Tuesday, May 05, 2015

Magic Boots



He is a happy boy.  We have never really had any issues with him being a big problem with tantrums or acting out.  I don't mean he has never had a tantrum, he went through a short phase just before we moved that continued for a few weeks after we got here where he would occasionally throw himself into a full body tantrum...kicking legs, pounding fists, the whole nine yards. It was awesome....NOT!  The thing is, it wasn't really in response to anything, he just seemed to like doing it.  We ignored it and it quickly passed. He has of course had some fits here and there and we handle it the way we think is appropriate for the setting. But as a general rule he is easy going and really just goes with the flow, adapts to whatever situation we put him in. Until the last few weeks.

I know he is getting some new teeth, he is a slobbery mess.  I believe he is growing, pants that were just a few weeks ago too long now fit perfectly.  He is napping a lot longer than usual so maybe he is having growing pains.  But our normally agreeable toddler is not very agreeable!  It's not like I expect for it to always be easy, I know better than that, I've done this before.  But the other boys were not like this one....he will be fine one second and then out of his tiny little body comes the most demanding, impatient request.  Trying to decide on a tv program turns into a meltdown when I put on the show he requested, but should have known he wanted a different one. And let's not even mention what happens if he has less than 2 binkies, 3 would be better, in his possession at any given moment. Plus he doesn't say yes, only no, which sometimes means yes but it's anybody's guess when that rule applies. He doesn't seem to understand when we don't respond appropriately when he says no but clearly means yes!

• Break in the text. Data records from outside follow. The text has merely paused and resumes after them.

(* Let $\mathcal C\subseteq\mathbb F_2^n$ be a binary linear code, $\sigma\in S_n$, and $\prec$ an admissible order on $[X]$ with $x_1\prec\dots\prec x_n$. Let $G$ be the reduced basis of $\mathcal C$ (output of Algorithm R for $\mathcal C$ with $<_e$ built from $\prec$). Define the admissible order $\prec^\sigma$ by $u\prec^\sigma v$ iff $\sigma^{-1}(u)\prec\sigma^{-1}(v)$ (so $x_{\sigma(1)}\prec^\sigma\dots\prec^\sigma x_{\sigma(n)}$). Then $\sigma(G)$ is the reduced basis of $\sigma(\mathcal C)$ with respect to the error-vector order built from $\prec^\sigma$, i.e. it is the output $G$ of Algorithm R for $\sigma(\mathcal C)$ and that order.
   Context: Binary setting: $[X]$ is the free commutative monoid on $X=\{x_1,\dots,x_n\}$; $\psi(\prod x_i^{\beta_i})=(\beta_i\bmod 2)_i\in\mathbb F_2^n$; a code of dimension $k$ has a parity check matrix $H$ ($n\times(n-k)$, code $=\{c:cH=0\}$); syndrome $\xi(w)=\psi(w)H$ (with the parity check matrix of the code under consideration). $\mathrm{Ind}(w)=\{i:x_i\mid w\}$. For an admissible order $\prec$, the error-vector order is $u<_e w$ iff $|\mathrm{Ind}(u)|<|\mathrm{Ind}(w)|$, or equality and $u\prec w$. For $\sigma\in S_n$: $\sigma((y_i)_i)=(y_{\sigma^{-1}(i)})_i$, $\sigma(\mathcal C)=\{\sigma(c):c\in\mathcal C\}$, on $[X]$ $\sigma$ is the automorphism $x_i\mapsto x_{\sigma(i)}$, and on a set of binomials it acts termwise. Algorithm R (for a code and an error-vector order $<_e$): keep a list $L$ sorted increasingly by $<_e$, a set $N$ and a set $G$ of binomials; initially $L=(1)$, $N=G=\emptyset$. While $L\ne\emptyset$: remove the $<_e$-smallest $w$; if $w$ is divisible by the leading word of some binomial in $G$, discard it; otherwise, if some $w'\in N$ has $\xi(w')=\xi(w)$, add $w-w'$ to $G$ (leading word $w$); else add $w$ to $N$ and insert all $wx$ ($x\in X$) into $L$. Output $(N,G)$; $G$ is the reduced basis. *)

theory Defs
  imports "HOL-Combinatorics.Permutations"
begin

section \<open>Monomials of [X], X = {x_0,...,x_(n-1)} (0-based indices)\<close>

type_synonym mono = "nat \<Rightarrow> nat"
type_synonym vec = "nat \<Rightarrow> bool"    \<comment> \<open>vector in F_2^n (True = 1)\<close>

definition monomials :: "nat \<Rightarrow> mono set" where
  "monomials n = {m. \<forall>i. n \<le> i \<longrightarrow> m i = 0}"

definition one_mono :: mono where "one_mono = (\<lambda>_. 0)"

definition var :: "nat \<Rightarrow> mono" where "var i = (\<lambda>j. if j = i then 1 else 0)"

definition mmult :: "mono \<Rightarrow> mono \<Rightarrow> mono" where "mmult u v = (\<lambda>i. u i + v i)"

definition mdvd :: "mono \<Rightarrow> mono \<Rightarrow> bool" where "mdvd u w \<longleftrightarrow> (\<forall>i. u i \<le> w i)"

definition Ind :: "mono \<Rightarrow> nat set" where "Ind w = {i. 0 < w i}"

definition admissible :: "nat \<Rightarrow> (mono \<Rightarrow> mono \<Rightarrow> bool) \<Rightarrow> bool" where
  "admissible n ord \<longleftrightarrow>
     (\<forall>u\<in>monomials n. \<not> ord u u) \<and>
     (\<forall>u\<in>monomials n. \<forall>v\<in>monomials n. \<forall>w\<in>monomials n. ord u v \<longrightarrow> ord v w \<longrightarrow> ord u w) \<and>
     (\<forall>u\<in>monomials n. \<forall>v\<in>monomials n. u \<noteq> v \<longrightarrow> ord u v \<or> ord v u) \<and>
     (\<forall>u\<in>monomials n. u \<noteq> one_mono \<longrightarrow> ord one_mono u) \<and>
     (\<forall>u\<in>monomials n. \<forall>v\<in>monomials n. \<forall>w\<in>monomials n. ord u v \<longrightarrow> ord (mmult u w) (mmult v w))"

definition err_less :: "(mono \<Rightarrow> mono \<Rightarrow> bool) \<Rightarrow> mono \<Rightarrow> mono \<Rightarrow> bool" where
  "err_less ord u w \<longleftrightarrow>
     card (Ind u) < card (Ind w) \<or> (card (Ind u) = card (Ind w) \<and> ord u w)"

definition vecs :: "nat \<Rightarrow> vec set" where
  "vecs n = {y. \<forall>i. n \<le> i \<longrightarrow> \<not> y i}"

definition vadd :: "vec \<Rightarrow> vec \<Rightarrow> vec" where "vadd a b = (\<lambda>i. a i \<noteq> b i)"

definition binary_linear_code :: "nat \<Rightarrow> vec set \<Rightarrow> bool" where
  "binary_linear_code n C \<longleftrightarrow>
     C \<subseteq> vecs n \<and> (\<lambda>_. False) \<in> C \<and> (\<forall>a\<in>C. \<forall>b\<in>C. vadd a b \<in> C)"

definition psi :: "mono \<Rightarrow> vec" where "psi w = (\<lambda>i. odd (w i))"

text \<open>Equality of syndromes \<open>\<xi>(w) = \<xi>(w')\<close> w.r.t. a parity check matrix H of C:
  since C = {c. cH = 0}, \<open>\<psi>(w)H = \<psi>(w')H\<close> iff \<open>\<psi>(w) + \<psi>(w') \<in> C\<close>.\<close>
definition same_syndrome :: "vec set \<Rightarrow> mono \<Rightarrow> mono \<Rightarrow> bool" where
  "same_syndrome C w w' \<longleftrightarrow> vadd (psi w) (psi w') \<in> C"

text \<open>State (L, N, G); L is the (duplicate-free) sorted list, represented as a set
  (it is always processed by taking its err_less-smallest element). A binomial
  w - w' with leading word w is represented by the pair (w, w').\<close>
type_synonym stateR = "mono set \<times> mono set \<times> (mono \<times> mono) set"

definition algR_step :: "nat \<Rightarrow> vec set \<Rightarrow> (mono \<Rightarrow> mono \<Rightarrow> bool) \<Rightarrow> stateR \<Rightarrow> stateR \<Rightarrow> bool" where
  "algR_step n C ord s s' \<longleftrightarrow>
     (case s of (L, N, G) \<Rightarrow>
       \<exists>w\<in>L. (\<forall>v\<in>L. v \<noteq> w \<longrightarrow> err_less ord w v) \<and>
         (if (\<exists>g\<in>G. mdvd (fst g) w) then s' = (L - {w}, N, G)
          else if (\<exists>w'\<in>N. same_syndrome C w' w)
            then (\<exists>w'\<in>N. same_syndrome C w' w \<and> s' = (L - {w}, N, G \<union> {(w, w')}))
          else s' = ((L - {w}) \<union> {mmult w (var i) | i. i < n}, N \<union> {w}, G)))"

definition algR_init :: stateR where "algR_init = ({one_mono}, {}, {})"

definition algR_output :: "nat \<Rightarrow> vec set \<Rightarrow> (mono \<Rightarrow> mono \<Rightarrow> bool)
    \<Rightarrow> mono set \<Rightarrow> (mono \<times> mono) set \<Rightarrow> bool" where
  "algR_output n C ord N G \<longleftrightarrow> (algR_step n C ord)\<^sup>*\<^sup>* algR_init ({}, N, G)"

definition perm_vec :: "(nat \<Rightarrow> nat) \<Rightarrow> vec \<Rightarrow> vec" where
  "perm_vec \<sigma> y = (\<lambda>i. y (inv \<sigma> i))"

definition perm_code :: "(nat \<Rightarrow> nat) \<Rightarrow> vec set \<Rightarrow> vec set" where
  "perm_code \<sigma> C = perm_vec \<sigma> ` C"

text \<open>Automorphism x_i \<mapsto> x_(\<sigma> i) of [X].\<close>
definition perm_mono :: "(nat \<Rightarrow> nat) \<Rightarrow> mono \<Rightarrow> mono" where
  "perm_mono \<sigma> m = (\<lambda>j. m (inv \<sigma> j))"

definition perm_binomials :: "(nat \<Rightarrow> nat) \<Rightarrow> (mono \<times> mono) set \<Rightarrow> (mono \<times> mono) set" where
  "perm_binomials \<sigma> G = (\<lambda>(u, v). (perm_mono \<sigma> u, perm_mono \<sigma> v)) ` G"

definition perm_order :: "(nat \<Rightarrow> nat) \<Rightarrow> (mono \<Rightarrow> mono \<Rightarrow> bool) \<Rightarrow> mono \<Rightarrow> mono \<Rightarrow> bool" where
  "perm_order \<sigma> ord u v \<longleftrightarrow> ord (perm_mono (inv \<sigma>) u) (perm_mono (inv \<sigma>) v)"

end

theory Submission
  imports Defs
begin

text \<open>Renaming the variables by \<open>\<sigma>\<close> is an isomorphism of everything Algorithm R
  consults: it preserves supports (hence weights), divisibility and the successors \<open>w x\<^sub>i\<close>
  of a word, and it turns the syndrome test for \<open>\<C>\<close> into the one for \<open>\<sigma>(\<C>)\<close> and
  \<open>\<prec>\<close> into \<open>\<prec>\<^sup>\<sigma>\<close>. So the image of a run for \<open>\<C>\<close> is a run for \<open>\<sigma>(\<C>)\<close>, ending in
  \<open>(\<emptyset>, \<sigma>(N), \<sigma>(G))\<close>.\<close>

lemma perm_mono_inv_perm_mono:
  assumes "bij \<sigma>" shows "perm_mono (inv \<sigma>) (perm_mono \<sigma> u) = u"
  using assms by (simp add: perm_mono_def inv_inv_eq bij_is_inj)

lemma inj_perm_mono:
  assumes "bij \<sigma>" shows "inj (perm_mono \<sigma>)"
  by (metis assms injI perm_mono_inv_perm_mono)

lemma perm_mono_one: "perm_mono \<sigma> one_mono = one_mono"
  by (simp add: perm_mono_def one_mono_def)

lemma perm_mono_mmult: "perm_mono \<sigma> (mmult u v) = mmult (perm_mono \<sigma> u) (perm_mono \<sigma> v)"
  by (simp add: perm_mono_def mmult_def)

lemma perm_mono_var:
  assumes "bij \<sigma>" shows "perm_mono \<sigma> (var i) = var (\<sigma> i)"
  using assms by (auto simp: perm_mono_def var_def fun_eq_iff bij_inv_eq_iff bij_is_inj)

lemma perm_mono_monomials:
  assumes "\<sigma> permutes {..<n}" and "m \<in> monomials n"
  shows "perm_mono \<sigma> m \<in> monomials n"
  using assms permutes_not_in[OF permutes_inv[OF assms(1)]] by (simp add: monomials_def perm_mono_def)

lemma mdvd_perm_mono_iff:
  assumes "bij \<sigma>"
  shows "mdvd (perm_mono \<sigma> u) (perm_mono \<sigma> w) \<longleftrightarrow> mdvd u w"
  unfolding mdvd_def perm_mono_def by (metis assms bij_inv_eq_iff)

lemma Ind_perm_mono:
  assumes "bij \<sigma>" shows "Ind (perm_mono \<sigma> u) = \<sigma> ` Ind u"
  using assms unfolding Ind_def perm_mono_def
  by (auto simp: image_iff bij_is_inj) (metis bij_inv_eq_iff)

I know that we are lucky.  A lot of parents put up with daily tantrums and grumpy toddlers everyday, ours fortunately is in short spurts.  Most of the time our happy, agreeable toddler is the one who shows up.  But on the days when he is not I have discovered that these boots will usually fix whatever is causing the problem. He has had them for several months and never been overly attached to them, he prefers to be barefoot.  But a couple of weeks ago he wanted to put them on and everyday since he has had them on.  The past few days he has worn them ALL day.  We do not usually wear shoes in the house but he has been allowed to wear his boots wherever he wants, they make him happy! I sent John a picture of him laying  on our bed with his boots on the other day and when he asked me why, I said because they are magic...they take the grumpy and make him happy.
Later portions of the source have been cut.